A few things to note:
- You don't have to cast the return value of malloc.
- You don't have to cast the pointer to void* to use free.
- Besides using free for each inner dynamic array, you should also use it for the outer dynamic array.
- sizeof(char) == 1 is always true, so either omit it, or use the idiom:
Code:
temp = malloc(sizeof(*temp) * row);
- If each of the inner arrays will always be of the same size, then this method is unnecessarily expensive.

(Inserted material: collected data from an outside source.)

(* For any integer $d\geqslant 2$ and any $1/2<\alpha<1$, the Hausdorff dimension of ${\mathcal E}_{d,\alpha}$ satisfies $\dim{\mathcal E}_{d,\alpha}<d$.
   Context: Let $\mathsf{T}_d=(\mathbb{R}/\mathbb{Z})^d$, identified with $[0,1)^d$, and write $\mathbf{e}(x)=\exp(2\pi i x)$. For $\mathbf x=(x_1,\ldots,x_d)\in\mathsf{T}_d$ and $N\in\mathbb{N}$ define $S_d(\mathbf x;N)=\sum_{n=1}^{N}\mathbf{e}(x_1n+\ldots+x_dn^d)$. For $0<\alpha<1$ define ${\mathcal E}_{d,\alpha}=\{\mathbf x\in\mathsf{T}_d:\ |S_d(\mathbf x;N)|\geqslant N^{\alpha}\text{ for infinitely many }N\in\mathbb{N}\}$. *)

theory Defs
  imports "HOL-Analysis.Analysis"
begin

text \<open>Points of the torus T_d, identified with [0,1)^d, are represented as functions
  nat => real whose coordinates 1..d lie in [0,1) and which vanish elsewhere.\<close>

definition torus :: "nat \<Rightarrow> (nat \<Rightarrow> real) set" where
  "torus d = {x. (\<forall>i\<in>{1..d}. 0 \<le> x i \<and> x i < 1) \<and> (\<forall>i. i \<notin> {1..d} \<longrightarrow> x i = 0)}"

definition e :: "real \<Rightarrow> complex" where
  "e t = exp (2 * of_real pi * \<i> * of_real t)"

definition weyl_sum :: "nat \<Rightarrow> (nat \<Rightarrow> real) \<Rightarrow> nat \<Rightarrow> complex" where
  "weyl_sum d x N = (\<Sum>n=1..N. e (\<Sum>k=1..d. x k * real n ^ k))"

definition E_set :: "nat \<Rightarrow> real \<Rightarrow> (nat \<Rightarrow> real) set" where
  "E_set d \<alpha> = {x \<in> torus d. infinite {N::nat. N \<ge> 1 \<and> norm (weyl_sum d x N) \<ge> real N powr \<alpha>}}"

definition euc_dist :: "nat \<Rightarrow> (nat \<Rightarrow> real) \<Rightarrow> (nat \<Rightarrow> real) \<Rightarrow> real" where
  "euc_dist d x y = sqrt (\<Sum>i=1..d. (x i - y i)^2)"

definition bounded_wrt :: "('a \<Rightarrow> 'a \<Rightarrow> real) \<Rightarrow> 'a set \<Rightarrow> bool" where
  "bounded_wrt dd A = (\<exists>B. \<forall>x\<in>A. \<forall>y\<in>A. dd x y \<le> B)"

definition diam_wrt :: "('a \<Rightarrow> 'a \<Rightarrow> real) \<Rightarrow> 'a set \<Rightarrow> real" where
  "diam_wrt dd A = (if A = {} then 0 else Sup {dd x y | x y. x \<in> A \<and> y \<in> A})"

For the last point, an alternative is:
Code:
#include <stdio.h>
#include <stdlib.h>
#include <string.h>
int main(void)
{
const char str[] = "Copying Test";
int num_rows = 5;
int num_cols = sizeof(str);
/* Assume that malloc does not return a null pointer */
char *data = malloc(sizeof(*data) * num_rows * num_cols);
char **temp = malloc(sizeof(*temp) * num_rows);
int i;
for (i = 0; i < num_rows; ++i)
{
temp[i] = &data[i * num_cols];
memcpy(temp[i], str, num_cols);
}
for (i = 0; i < num_rows; ++i)
{
printf("%s\n", temp[i]);
}
free(temp);
free(data);
return 0;
}
Incidentally, considering that you use cout: is this C or C++?